Wisconsin Faculty Awarded Pilot Grant to Study Type 2 Diabetes Therapies

David Harris, MD, assistant professor in the Division of Minimally Invasive Surgery, recently received a one-year pilot grant from Washington University’s Diabetes Research Center to explore potential treatments for Type 2 diabetes.

Type 2 diabetes is a complicated disease that affects over 33 million people in the United States and is a major cause of blindness, kidney failure, heart attacks, and strokes. It develops when the body becomes resistant to insulin, the hormone that helps us store and use sugar (or glucose) for energy. Insulin resistance increases the level of glucose in the bloodstream, which can damage the body.
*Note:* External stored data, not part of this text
(* Let $\lambda\mapsto N(\lambda),M(\lambda)\in\mathbb{R}^{2m\times2m}$ be continuously differentiable in a real parameter $\lambda$, write $\partial=d/d\lambda$, and define $\alpha,\beta,\gamma,F_2,G_2,F_3$ (depending on $\lambda$ and $t$) by $$\begin{bmatrix}\alpha(t)&\beta(t)&\gamma(t)\\0&F_2(t)&G_2(t)\\0&0&F_3(t)\end{bmatrix}:=\exp\!\left(\begin{bmatrix}-N^T&MJ&0\\0&-N^T&M\\0&0&N\end{bmatrix}t\right).$$ Assume $M=M^T$, $F_2(s)^TF_3(s)=I$ and $\partial F_3(s)=-JG_2(s)$ for all $s\in[0,H]$ and all $\lambda$. Then $$\partial G_2(H)=F_2(H)\Big(-\big(F_3(H)^T\gamma(H)\big)^T-F_3(H)^T\gamma(H)+\int_0^HF_3(s)^T\,\partial M\,F_3(s)\,ds-\big(-JG_2(H)\big)^TG_2(H)\Big).$$
   Context: $J=\begin{bmatrix}0&I_m\\-I_m&0\end{bmatrix}\in\mathbb{R}^{2m\times2m}$. From the definition, $F_2(t)=\exp(-N^Tt)$, $F_3(t)=\exp(Nt)$ and $F_3(t)^TG_2(t)=\int_0^t\exp(N^Ts)M\exp(Ns)\,ds$. *)

theory Defs
  imports "HOL-Analysis.Analysis"
begin

text \<open>Square matrices are indexed by finite types. A 2m x 2m matrix is indexed by
  the sum type 'm + 'm; the 6m x 6m block matrix by ('m+'m) + ('m+'m) + ('m+'m).\<close>

primrec mpow :: "real^'n::finite^'n \<Rightarrow> nat \<Rightarrow> real^'n^'n" where
  "mpow A 0 = mat 1"
| "mpow A (Suc k) = A ** mpow A k"

definition mexp :: "real^'n::finite^'n \<Rightarrow> real^'n^'n" where
  "mexp A = (\<Sum>k. (1 / fact k) *\<^sub>R mpow A k)"

text \<open>The symplectic matrix J = [[0, I], [-I, 0]].\<close>
definition Jmat :: "real^('m::finite + 'm)^('m + 'm)" where
  "Jmat = (\<chi> i j. case (i, j) of
      (Inl a, Inr b) \<Rightarrow> (if a = b then 1 else 0)
    | (Inr a, Inl b) \<Rightarrow> (if a = b then -1 else 0)
    | _ \<Rightarrow> 0)"

definition block3 ::
  "real^'n::finite^'n \<Rightarrow> real^'n^'n \<Rightarrow> real^'n^'n \<Rightarrow>
   real^'n^'n \<Rightarrow> real^'n^'n \<Rightarrow> real^'n^'n \<Rightarrow>
   real^'n^'n \<Rightarrow> real^'n^'n \<Rightarrow> real^'n^'n \<Rightarrow> real^('n + 'n + 'n)^('n + 'n + 'n)" where
  "block3 A11 A12 A13 A21 A22 A23 A31 A32 A33 = (\<chi> i j. case (i, j) of
      (Inl a, Inl b) \<Rightarrow> A11 $ a $ b
    | (Inl a, Inr (Inl b)) \<Rightarrow> A12 $ a $ b
    | (Inl a, Inr (Inr b)) \<Rightarrow> A13 $ a $ b
    | (Inr (Inl a), Inl b) \<Rightarrow> A21 $ a $ b
    | (Inr (Inl a), Inr (Inl b)) \<Rightarrow> A22 $ a $ b
    | (Inr (Inl a), Inr (Inr b)) \<Rightarrow> A23 $ a $ b
    | (Inr (Inr a), Inl b) \<Rightarrow> A31 $ a $ b
    | (Inr (Inr a), Inr (Inl b)) \<Rightarrow> A32 $ a $ b
    | (Inr (Inr a), Inr (Inr b)) \<Rightarrow> A33 $ a $ b)"
lemma is_net2_grid_point_image_iff:
  assumes b: "b > 0" and sub: "N \<subseteq> {..<b ^ n} \<times> {..<b ^ n}"
  shows "is_net2 b 0 n (grid_point b n ` N) \<longleftrightarrow> int_net b n N"
proof -
  have inj: "inj_on (grid_point b n) N" using inj_grid_point[OF b] by (rule inj_on_subset) simp
  have fin: "finite N" using sub finite_subset by blast
  have unit_square: "grid_point b n ` N \<subseteq> {0..<1} \<times> {0..<1}"
    using sub b by (auto simp: grid_point_def)
  have count: "card (grid_point b n ` N \<inter> elem_interval b d1 d2 a1 a2)
      = card {p\<in>N. leading_digits b n d1 d2 p = (a1, a2)}"
    if "d1 + d2 = n" for d1 d2 a1 a2
  proof -
    have "grid_point b n ` N \<inter> elem_interval b d1 d2 a1 a2
        = grid_point b n ` {p\<in>N. leading_digits b n d1 d2 p = (a1, a2)}"
      using grid_point_in_elem_interval_iff[OF b, of d1 n d2] that by auto
    then show ?thesis using inj by (simp add: card_image inj_on_subset)
  qed
  have fibres: "inj_on (leading_digits b n d1 d2) N \<longleftrightarrow>
      (\<forall>a1 a2. a1 < b ^ d1 \<and> a2 < b ^ d2 \<longrightarrow> card {p\<in>N. leading_digits b n d1 d2 p = (a1, a2)} = 1)"
    if "d1 + d2 = n" "card N = b ^ n" for d1 d2
  proof -
    have "card N = card ({..<b ^ d1} \<times> {..<b ^ d2})"
      using that by (auto simp: card_cartesian_product power_add)
    then show ?thesis
      using inj_on_iff_fibres_card_1[of "leading_digits b n d1 d2" N "{..<b ^ d1} \<times> {..<b ^ d2}"]
        leading_digits_in_box[OF b] sub by blast
  qed
  show ?thesis
    unfolding is_net2_def int_net_def using fin unit_square sub count fibres
    by (auto simp: card_image[OF inj])
qed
A headshot of David Harris, MD, who is wearing a dark grey suit jacket, a blue dress shirt, and black and brown frame glasses.
David Harris, MD

In a study that will investigate ways to maintain internal glucose regulation, Dr. Harris will work with Snehal Chaudhari, PhD, a new colleague joining the University of Wisconsin-Madison Department of Biochemistry in fall 2023, and Rachana Bhimanwar, a pharmaceutical chemist at the Padmashree Dr. D.Y. Patil University in Mumbai, India.

The researchers are interested in a receptor in the human gut called TGR5. The chemicals in our body that attach to the TGR5 receptor can help improve our body’s ability to remain sensitive to insulin, ultimately helping regulate glucose levels. However, the TGR5 receptor hasn’t been studied much in diabetes research because it also affects other parts of the body. The research team aims to change this by studying how the chemicals that attach to the TGR5 receptor can be altered to improve insulin sensitivity, and whether these alterations cause side effects to other systems of the body. They will initially work on cells in the lab and then run tests in mice.

Ultimately, this pilot study could help identify a potential new target for the treatment of Type 2 diabetes.

“I am really looking forward to embarking on this collaborative effort to develop novel therapeutics for the treatment of diabetes,” Dr. Harris said. “This project is a testament to one of the major joys of working at UW Madison: the ease of cross campus collaborations.”